A Diversity of Opportunities

Medical imaging is not the only opportunity for embedded vision to supplement—if not supplant—human medical analysis and diagnosis. Consider endoscopy (Figure 2), for example. Historically, endoscope systems only displayed unenhanced, low-resolution images. Physicians had to interpret the images they saw based solely on knowledge and experience (see sidebar "Codifying Intuition"). The low-quality images and subjective nature of the diagnoses inevitably resulted in overlooked abnormalities and incorrect treatments. Today, endoscope systems are armed with high-resolution optics, image sensors, and embedded vision processing capabilities. They can distinguish among tissues, enhance edges and other image attributes; perform basic dimensional analytics (e.g., length, angle); and overlay this data on top of the video image in real time. Advanced designs can even identify and highlight unusual image features, so physicians are unlikely to overlook them.

Figure 2. Leading-edge endoscope systems not only output high-resolution images but also enhance and information-augment them to assist in physician analysis and diagnosis.

In ophthalmology, doctors historically relied on elementary cameras that only took pictures of the inner portions of the eye. Subsequent analysis was left to the healthcare professional. Today, ophthalmologists use medical devices armed with embedded vision capabilities to create detailed 2-D and 3-D models of the eye in real time as well as overlay analytics such as volume metrics and the dimensions of critical ocular components. With ophthalmological devices used for cataract or lens correction surgery preparation, for example, embedded vision processing helps differentiate the cornea from the rest of the eye. It then calculates an overlay, complete with surgical cut lines, based on various dimensions it has ascertained. Physicians now have a customized operation blueprint, which dramatically reduces the likelihood of mistakes. Such data can even be used to guide human-assisted or fully automated surgical robots with high precision (Figure 3).

Figure 3. Robust vision capabilities are essential to robotic surgery systems, whether they be human-assisted (either local or remote) or fully automated.

Another example of how embedded vision can enhance medical devices involves advancements in clinical testing. In the past, it took days, if not weeks, to receive the results of blood and genetic tests. Today, more accurate results are often delivered in a matter of hours. DNA sequencers use embedded vision to accelerate analysis by focusing in on particular areas of a sample. After DNA molecules and primers are added to a slide, the sample begins to group into clusters. A high-resolution camera then scans the sample, creating numerous magnified images. After stitching these images together, the embedded vision–enhanced system identifies the clusters, along with their density parameters. These regions are then subjected to additional chemical analysis to unlock their DNA attributes. This method of visually identifying clusters before continuing the process drastically reduces procedure times and allows for more precise results. Faster blood or genetic test results enables quicker treatment and improves healthcare.

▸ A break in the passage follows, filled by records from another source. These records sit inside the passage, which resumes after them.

(* For every nonempty finite poset $X$, \[ Z_{D(X)}(x)=\frac{x^3}{(1-x)^2}\,\frac{d}{dx}Z_X(x),\qquad Z^+_{D(X)}(x)=\frac{x}{(1-x)^2}\,\frac{d}{dx}Z^+_X(x). \] In particular, for $n\ge1$, $Z_{D(\langle n\rangle)}=n\,\zeta_{n+2}+(n+1)\,\zeta_{n+3}$, where $\zeta_j=\frac{x^j}{(1-x)^{j+1}}$.
   Context: For $n\ge1$, $\langle n\rangle$ is the chain $1<\dots<n$. For a finite poset $X$, $\Omega(X,n)$ (resp. $\Omega^+(X,n)$) is the number of maps $f:X\to\langle n\rangle$ with $u<v\Rightarrow f(u)<f(v)$ (resp. $u\le v\Rightarrow f(u)\le f(v)$); $Z_X(x)=\sum_{n\ge1}\Omega(X,n)x^n$ and $Z^+_X(x)=\sum_{n\ge1}\Omega^+(X,n)x^n$. The concatenation $\mu(Y,W)$ is the disjoint union of $Y$ and $W$ with their orders and every element of $Y$ below every element of $W$; $Y\sqcup W$ is the disjoint union with no relations between $Y$ and $W$. The handle operation is $D(X)=\mu\big(\langle1\rangle,\mu(\langle1\rangle\sqcup X,\langle1\rangle)\big)$, i.e. $X$ together with a new minimum $x_0$, a new maximum $x_1$, and a new element $y$ with $x_0<y<x_1$ incomparable to all elements of $X$. *)

theory Defs
  imports "HOL-Library.FuncSet" "HOL-Computational_Algebra.Formal_Power_Series"
begin

definition poset_on :: "'a set \<Rightarrow> ('a \<Rightarrow> 'a \<Rightarrow> bool) \<Rightarrow> bool" where
  "poset_on A le \<longleftrightarrow>
     (\<forall>x\<in>A. le x x) \<and>
     (\<forall>x\<in>A. \<forall>y\<in>A. le x y \<and> le y x \<longrightarrow> x = y) \<and>
     (\<forall>x\<in>A. \<forall>y\<in>A. \<forall>z\<in>A. le x y \<and> le y z \<longrightarrow> le x z)"

definition Omega :: "'a set \<Rightarrow> ('a \<Rightarrow> 'a \<Rightarrow> bool) \<Rightarrow> nat \<Rightarrow> nat" where
  "Omega A le n = card {f \<in> A \<rightarrow>\<^sub>E {1..n}.
      \<forall>u\<in>A. \<forall>v\<in>A. (le u v \<and> u \<noteq> v) \<longrightarrow> f u < f v}"

definition Omega_plus :: "'a set \<Rightarrow> ('a \<Rightarrow> 'a \<Rightarrow> bool) \<Rightarrow> nat \<Rightarrow> nat" where
  "Omega_plus A le n = card {f \<in> A \<rightarrow>\<^sub>E {1..n}.
      \<forall>u\<in>A. \<forall>v\<in>A. le u v \<longrightarrow> f u \<le> f v}"

definition Z :: "'a set \<Rightarrow> ('a \<Rightarrow> 'a \<Rightarrow> bool) \<Rightarrow> rat fps" where
  "Z A le = Abs_fps (\<lambda>n. if n \<ge> 1 then of_nat (Omega A le n) else 0)"

definition Z_plus :: "'a set \<Rightarrow> ('a \<Rightarrow> 'a \<Rightarrow> bool) \<Rightarrow> rat fps" where
  "Z_plus A le = Abs_fps (\<lambda>n. if n \<ge> 1 then of_nat (Omega_plus A le n) else 0)"

text \<open>The handle operation D(X): X plus new minimum x0 = Inr 0, new element y = Inr 1,
  new maximum x1 = Inr 2, with x0 < y < x1 and y incomparable to X.\<close>
definition D_carrier :: "'a set \<Rightarrow> ('a + nat) set" where
  "D_carrier A = Inl ` A \<union> {Inr 0, Inr 1, Inr 2}"

definition D_le :: "('a \<Rightarrow> 'a \<Rightarrow> bool) \<Rightarrow> ('a + nat) \<Rightarrow> ('a + nat) \<Rightarrow> bool" where
  "D_le le u v \<longleftrightarrow> u = Inr 0 \<or> v = Inr 2 \<or> u = v \<or>
     (\<exists>a b. u = Inl a \<and> v = Inl b \<and> le a b)"

definition zeta :: "nat \<Rightarrow> rat fps" where
  "zeta j = fps_X ^ j / (1 - fps_X) ^ (j + 1)"

end

theory Submission
  imports Defs
begin

(* A strictly (weakly) order-preserving map on D(X) is determined by the values a < b (a \<le> b) of
   the new minimum and maximum, a value of y strictly (weakly) between them, and a map of X into
   that same interval. With m the size of the interval there are m choices for y and Omega(X,m)
   (resp. Omega^+(X,m)) choices on X, and an interval of size m occurs n-1-m (resp. n+1-m) times
   in <n>. Summing, Omega(D(X),n) = sum_m (n-1-m) m Omega(X,m), which is the coefficient form of
   the first identity, since x d/dx Z_X(x) = sum_m m Omega(X,m) x^m and x/(1-x)^2 = sum_j j x^j;
   the weak case is the same with n+1-m. For the chain, strict maps <n> \<rightarrow> <m> correspond to n-subsets of <m>, so
   Z_<n> = zeta_n, and the last identity is a derivative computation. *)

definition order_maps ::
  "'a set \<Rightarrow> ('a \<Rightarrow> 'a \<Rightarrow> bool) \<Rightarrow> (nat \<Rightarrow> nat \<Rightarrow> bool) \<Rightarrow> nat set \<Rightarrow> ('a \<Rightarrow> nat) set" where
  "order_maps A R P B = {f \<in> A \<rightarrow>\<^sub>E B. \<forall>u\<in>A. \<forall>v\<in>A. R u v \<longrightarrow> P (f u) (f v)}"

lemma Omega_eq_card_order_maps:
  "Omega A le n = card (order_maps A (\<lambda>u v. le u v \<and> u \<noteq> v) (<) {1..n})"
  by (simp add: Omega_def order_maps_def)
(* Let $\bar x\in S\subset\Phi=g^{-1}(K)$ and $d\in T_{\Phi,S}(\bar x)$. Then for every $\varepsilon>0$, $$T^2_{\Phi,S}(\bar x;d)\subset\{w\in\mathbb{R}^n:\nabla g(\bar x)w+\nabla^2g(\bar x)(d,d)\in T^2_{K,g_\varepsilon(S)}(g(\bar x);\nabla g(\bar x)d)\}$$ and $$T''_{\Phi,S}(\bar x;d)\subset\{w\in\mathbb{R}^n:\nabla g(\bar x)w\in T''_{K,g_\varepsilon(S)}(g(\bar x);\nabla g(\bar x)d)\},$$ where $g_\varepsilon(S):=g(S)+\varepsilon\,\mathrm{diam}(S)B_{\mathbb{R}^m}$.
   Context: $g:\mathbb{R}^n\to\mathbb{R}^m$ is twice continuously differentiable, $K\subset\mathbb{R}^m$ closed, $\Phi:=\{x:g(x)\in K\}$, $S\subset\Phi$; $g(S):=\{g(x):x\in S\}$; $B_{\mathbb{R}^m}$ is the closed unit ball and $\mathrm{diam}(S)$ the diameter of $S$ (if $\mathrm{diam}(S)=+\infty$, $g_\varepsilon(S)$ is read as $\mathbb{R}^m$). $\nabla^2g(x)(d,d):=(d^T\nabla^2g_i(x)d)_{i=1}^m$. For sets $\Lambda,A\subset\mathbb{R}^p$ and $\bar z\in\Lambda$: $T_{\Lambda,A}(\bar z):=\{d:\exists t_k\downarrow0,\ u_k\in A,u_k\to\bar z,\ d_k\to d,\ u_k+t_kd_k\in\Lambda\}$; for $d\in T_{\Lambda,A}(\bar z)$, the outer second-order tangent set with respect to $A$ is $T^2_{\Lambda,A}(\bar z;d):=\{w:\exists t_k\downarrow0,\ u_k\in A,u_k\to\bar z,\ w_k\to w,\ u_k+t_kd+\tfrac12t_k^2w_k\in\Lambda\}$, and the asymptotic second-order tangent cone with respect to $A$ is $T''_{\Lambda,A}(\bar z;d):=\{w:\exists(t_k,r_k)\downarrow(0,0),\ t_k/r_k\to0,\ u_k\in A,u_k\to\bar z,\ w_k\to w,\ u_k+t_kd+\tfrac12t_kr_kw_k\in\Lambda\}$. *)

theory Defs
  imports "HOL-Analysis.Analysis"
begin

definition tcone_rel :: "'a::real_normed_vector set \<Rightarrow> 'a set \<Rightarrow> 'a \<Rightarrow> 'a set" where
  "tcone_rel \<Lambda> A z = {d. \<exists>t u dd. (\<forall>k. t k > 0) \<and> t \<longlonglongrightarrow> 0 \<and>
      (\<forall>k. u k \<in> A) \<and> u \<longlonglongrightarrow> z \<and> dd \<longlonglongrightarrow> d \<and>
      (\<forall>k. u k + t k *\<^sub>R dd k \<in> \<Lambda>)}"

definition tset2_rel :: "'a::real_normed_vector set \<Rightarrow> 'a set \<Rightarrow> 'a \<Rightarrow> 'a \<Rightarrow> 'a set" where
  "tset2_rel \<Lambda> A z d = {w. \<exists>t u ww. (\<forall>k. t k > 0) \<and> t \<longlonglongrightarrow> 0 \<and>
      (\<forall>k. u k \<in> A) \<and> u \<longlonglongrightarrow> z \<and> ww \<longlonglongrightarrow> w \<and>
      (\<forall>k. u k + t k *\<^sub>R d + ((t k)^2 / 2) *\<^sub>R ww k \<in> \<Lambda>)}"

definition tasym2_rel :: "'a::real_normed_vector set \<Rightarrow> 'a set \<Rightarrow> 'a \<Rightarrow> 'a \<Rightarrow> 'a set" where
  "tasym2_rel \<Lambda> A z d = {w. \<exists>t r u ww. (\<forall>k. t k > 0) \<and> (\<forall>k. r k > 0) \<and>
      t \<longlonglongrightarrow> 0 \<and> r \<longlonglongrightarrow> 0 \<and> (\<lambda>k. t k / r k) \<longlonglongrightarrow> 0 \<and>
      (\<forall>k. u k \<in> A) \<and> u \<longlonglongrightarrow> z \<and> ww \<longlonglongrightarrow> w \<and>
      (\<forall>k. u k + t k *\<^sub>R d + (t k * r k / 2) *\<^sub>R ww k \<in> \<Lambda>)}"
(* Let $g\in\mathbb{F}_q[t]$ be a composite polynomial. Then $g$ is a Carmichael polynomial if and only if (1) $g$ is square-free, and (2) $\deg P$ divides $\deg g$ for every irreducible factor $P$ of $g$.
   Context: $\mathbb{F}_q$ is the finite field with $q$ elements. A composite polynomial is a nonzero, non-constant polynomial that is not irreducible. A finite ring $S$ is a Carmichael ring if $S$ is not a field and $a^{|S|}=a$ for every $a\in S$. A polynomial $g\in\mathbb{F}_q[t]$ is a Carmichael polynomial if $\mathbb{F}_q[t]/(g)$ is a Carmichael ring. *)

theory Defs
  imports "HOL-Computational_Algebra.Computational_Algebra" "HOL-Algebra.QuotRing"
begin

definition carmichael_ring :: "('b, 'c) ring_scheme \<Rightarrow> bool" where
  "carmichael_ring S \<longleftrightarrow> ring S \<and> finite (carrier S) \<and> \<not> Ring.field S \<and>
     (\<forall>a \<in> carrier S. a [^]\<^bsub>S\<^esub> card (carrier S) = a)"

definition poly_ring :: "'a::field poly ring" where
  "poly_ring = \<lparr>carrier = UNIV, monoid.mult = (*), one = 1, zero = 0, add = (+)\<rparr>"

definition carmichael_poly :: "'a::{field,finite} poly \<Rightarrow> bool" where
  "carmichael_poly g \<longleftrightarrow> carmichael_ring (poly_ring Quot (PIdl\<^bsub>poly_ring\<^esub> g))"

end

theory Submission
  imports Defs "HOL-Algebra.Multiplicative_Group" "HOL-Library.Cardinality"
begin
(* Let $\mathcal{H}=\bigotimes_{i=1}^n\mathcal{H}_i$ with $\dim\mathcal{H}_i=d_i$, and let $U$ be a unitary gate on $\mathcal{H}$. Then the entangling power with respect to the $n$-party one-tangle equals $$\epsilon_1(U)=\frac{1}{2^{n-1}-1}\sum_{p|q}\epsilon_{p|q}(U),$$ where the sum is over all non-trivial unordered bipartitions $p|q$ of $\{1,\dots,n\}$, and for each such bipartition $$\epsilon_{p|q}(U)=2\left[1-\Bigg(\prod_{i=1}^n\frac{d_i}{d_i+1}\Bigg)\sum_{x'|y'}\operatorname{tr}\big[(\operatorname{tr}_{px'}|U\rangle\langle U|)^2\big]\right],$$ with the inner sum over all $2^n$ ordered bipartitions $x'|y'$ of $\{1',\dots,n'\}$ (i.e. all subsets $x'$, including $\emptyset$ and the whole set, with $y'$ the complement), and $\operatorname{tr}_{px'}$ the partial trace over the factors $\mathcal{H}_i$, $i\in p$, and $\mathcal{H}_{i'}$, $i'\in x'$.
   Context: Let $\mathcal{H}'=\bigotimes_{i=1}^n\mathcal{H}_{i'}$ be a copy of $\mathcal{H}$ with $\dim\mathcal{H}_{i'}=d_i$. The state associated with $U$ is $|U\rangle=\frac{1}{\sqrt{d_1\cdots d_n}}\sum\langle j_1\dots j_n|U|j_{1'}\dots j_{n'}\rangle\,|j_1\dots j_n\rangle\otimes|j_{1'}\dots j_{n'}\rangle\in\mathcal{H}\otimes\mathcal{H}'$. For a pure state $|\psi\rangle\in\mathcal{H}$ and a bipartition $p|q$ of $\{1,\dots,n\}$, $\tau_{p|q}(|\psi\rangle)=2\big(1-\operatorname{tr}[(\operatorname{tr}_p|\psi\rangle\langle\psi|)^2]\big)$; the $n$-party one-tangle is $\tau_1=\frac{1}{2^{n-1}-1}\sum_{p|q}\tau_{p|q}$ (sum over non-trivial unordered bipartitions). $\epsilon_{p|q}(U)$ (resp. $\epsilon_1(U)$) is the average of $\tau_{p|q}(U|\psi_{\rm sep}\rangle)$ (resp. $\tau_1(U|\psi_{\rm sep}\rangle)$) over $|\psi_{\rm sep}\rangle=|\psi_1\rangle\otimes\cdots\otimes|\psi_n\rangle$, each $|\psi_i\rangle$ drawn independently from the unitarily invariant measure on pure states of $\mathcal{H}_i$. *)

theory Defs
  imports "HOL-Probability.Probability"
begin

text \<open>Sites are natural numbers; a configuration of the sites in S with local
dimensions D is an extensional function S -> {..<D i}.  Vectors and operators
on the tensor product are complex-valued functions of configurations.\<close>

definition configs :: "nat set \<Rightarrow> (nat \<Rightarrow> nat) \<Rightarrow> (nat \<Rightarrow> nat) set" where
  "configs S D = PiE S (\<lambda>i. {..<D i})"

definition merge :: "nat set \<Rightarrow> (nat \<Rightarrow> nat) \<Rightarrow> (nat \<Rightarrow> nat) \<Rightarrow> (nat \<Rightarrow> nat)" where
  "merge T c a = (\<lambda>i. if i \<in> T then c i else a i)"

definition proj :: "((nat \<Rightarrow> nat) \<Rightarrow> complex) \<Rightarrow> (nat \<Rightarrow> nat) \<Rightarrow> (nat \<Rightarrow> nat) \<Rightarrow> complex" where
  "proj \<psi> a b = \<psi> a * cnj (\<psi> b)"

text \<open>partial trace over the sites T (the result acts on the sites S - T)\<close>
definition ptrace :: "(nat \<Rightarrow> nat) \<Rightarrow> nat set \<Rightarrow> ((nat \<Rightarrow> nat) \<Rightarrow> (nat \<Rightarrow> nat) \<Rightarrow> complex)
    \<Rightarrow> (nat \<Rightarrow> nat) \<Rightarrow> (nat \<Rightarrow> nat) \<Rightarrow> complex" where
  "ptrace D T \<rho> = (\<lambda>a b. \<Sum>c\<in>configs T D. \<rho> (merge T c a) (merge T c b))"

definition mtrace :: "'a set \<Rightarrow> ('a \<Rightarrow> 'a \<Rightarrow> complex) \<Rightarrow> complex" where
  "mtrace K M = (\<Sum>a\<in>K. M a a)"

definition mmult :: "'a set \<Rightarrow> ('a \<Rightarrow> 'a \<Rightarrow> complex) \<Rightarrow> ('a \<Rightarrow> 'a \<Rightarrow> complex) \<Rightarrow> 'a \<Rightarrow> 'a \<Rightarrow> complex" where
  "mmult K M N = (\<lambda>a b. \<Sum>c\<in>K. M a c * N c b)"

definition purity :: "nat set \<Rightarrow> (nat \<Rightarrow> nat) \<Rightarrow> nat set \<Rightarrow> ((nat \<Rightarrow> nat) \<Rightarrow> complex) \<Rightarrow> complex" where
  "purity S D T \<psi> =
     (let \<rho> = ptrace D T (proj \<psi>) in mtrace (configs (S - T) D) (mmult (configs (S - T) D) \<rho> \<rho>))"

definition tau_bip :: "nat \<Rightarrow> (nat \<Rightarrow> nat) \<Rightarrow> nat set \<Rightarrow> ((nat \<Rightarrow> nat) \<Rightarrow> complex) \<Rightarrow> complex" where
  "tau_bip n d p \<psi> = 2 * (1 - purity {..<n} d p \<psi>)"

text \<open>Non-trivial unordered bipartitions p|q of {..<n} (parties 0..n-1), each
represented by the part p not containing party 0: p \<subseteq> {1..<n}, p \<noteq> {}.\<close>
definition nontriv_bip :: "nat \<Rightarrow> nat set set" where
  "nontriv_bip n = {p. p \<subseteq> {1..<n} \<and> p \<noteq> {}}"

definition tau1 :: "nat \<Rightarrow> (nat \<Rightarrow> nat) \<Rightarrow> ((nat \<Rightarrow> nat) \<Rightarrow> complex) \<Rightarrow> complex" where
  "tau1 n d \<psi> = (1 / (2 ^ (n - 1) - 1)) * (\<Sum>p\<in>nontriv_bip n. tau_bip n d p \<psi>)"

definition unitary_on :: "'a set \<Rightarrow> ('a \<Rightarrow> 'a \<Rightarrow> complex) \<Rightarrow> bool" where
  "unitary_on K V \<longleftrightarrow> (\<forall>a\<in>K. \<forall>b\<in>K. (\<Sum>k\<in>K. cnj (V k a) * V k b) = (if a = b then 1 else 0))"

definition apply_op :: "'a set \<Rightarrow> ('a \<Rightarrow> 'a \<Rightarrow> complex) \<Rightarrow> ('a \<Rightarrow> complex) \<Rightarrow> 'a \<Rightarrow> complex" where
  "apply_op K V \<psi> = (\<lambda>j. \<Sum>k\<in>K. V j k * \<psi> k)"

definition prod_state :: "nat \<Rightarrow> (nat \<Rightarrow> nat \<Rightarrow> complex) \<Rightarrow> (nat \<Rightarrow> nat) \<Rightarrow> complex" where
  "prod_state n \<psi>s = (\<lambda>j. \<Prod>i<n. \<psi>s i (j i))"

definition vec_space :: "nat \<Rightarrow> (nat \<Rightarrow> complex) measure" where
  "vec_space m = PiM {..<m} (\<lambda>_. (borel :: complex measure))"

text \<open>The unitarily invariant probability measure on pure states (unit vectors) of C^m;
it is unique, so quantifying over all such measures is faithful.\<close>
definition haar_state_measure :: "nat \<Rightarrow> (nat \<Rightarrow> complex) measure \<Rightarrow> bool" where
  "haar_state_measure m \<mu> \<longleftrightarrow>
     sets \<mu> = sets (vec_space m) \<and> prob_space \<mu> \<and>
     (AE v in \<mu>. (\<Sum>k<m. (cmod (v k))\<^sup>2) = 1) \<and>
     (\<forall>V. unitary_on {..<m} V \<longrightarrow>
        distr \<mu> (vec_space m) (\<lambda>v. restrict (\<lambda>k. \<Sum>l<m. V k l * v l) {..<m}) = \<mu>)"
(* Let $(X,\phi)$ be a flow on a compact metric space $(X,d)$. For every $\epsilon>0$ the limit $\lim_{t\to\infty}\frac1t\log\#(\phi,X,d_t,\epsilon)$ exists, and \begin{align*} \overline{\mathrm{mdim}}_M(\phi,X,d)&=\limsup_{\epsilon\to0}\lim_{t\to\infty}\frac{\log\#(\phi,X,d_t,\epsilon)}{t\log\frac1\epsilon}=\limsup_{\epsilon\to0}\limsup_{t\to\infty}\frac{\log s_t(\phi,X,d,\epsilon)}{t\log\frac1\epsilon},\\ \underline{\mathrm{mdim}}_M(\phi,X,d)&=\liminf_{\epsilon\to0}\lim_{t\to\infty}\frac{\log\#(\phi,X,d_t,\epsilon)}{t\log\frac1\epsilon}=\liminf_{\epsilon\to0}\limsup_{t\to\infty}\frac{\log s_t(\phi,X,d,\epsilon)}{t\log\frac1\epsilon}. \end{align*}
   Context: A flow: $\phi:X\times\mathbb{R}\to X$ continuous, $\phi_t(x)=\phi(x,t)$, $\phi_0=\mathrm{id}$, $\phi_{t+s}=\phi_t\circ\phi_s$. $d_t(x,y)=\max_{s\in[0,t]}d(\phi_sx,\phi_sy)$. $\#(\phi,X,d_t,\epsilon)$ is the minimal cardinality of an open cover of $X$ each of whose members has $d_t$-diameter less than $\epsilon$. $s_t(\phi,X,d,\epsilon)$ is the maximal cardinality of a set $F\subset X$ with $d_t(x,y)\ge\epsilon$ for all distinct $x,y\in F$. $r_t(\phi,X,d,\epsilon)$ is the minimal cardinality of $E\subset X$ such that every $x\in X$ has $y\in E$ with $d_t(x,y)<\epsilon$; $r(\phi,X,d,\epsilon)=\limsup_{t\to\infty}\frac1t\log r_t(\phi,X,d,\epsilon)$; $\overline{\mathrm{mdim}}_M(\phi,X,d)=\limsup_{\epsilon\to0}\frac{r(\phi,X,d,\epsilon)}{\log(1/\epsilon)}$ and $\underline{\mathrm{mdim}}_M$ is the same with $\liminf_{\epsilon\to0}$. *)

theory Defs
  imports "HOL-Analysis.Analysis"
begin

Magnifying Minute Variations

Electronic systems are also adept at detecting and accentuating minute image-to-image variations that the human visual system is unable to perceive, whether due to insufficient sensitivity or inadequate attention. As research at MIT and elsewhere has shown, it's possible to accurately measure pulse rate simply by placing a camera in front of a person and logging the minute facial color change cycles that are reflective of capillary blood flow (Figure 4). Similarly, embedded vision systems can precisely assess respiration rate by measuring the periodic rise and fall of the subject's chest.

Figure 4. Embedded vision systems are capable of discerning (and amplifying) the scant frame-to-frame color changes in a subject's face, suggestive of blood flow.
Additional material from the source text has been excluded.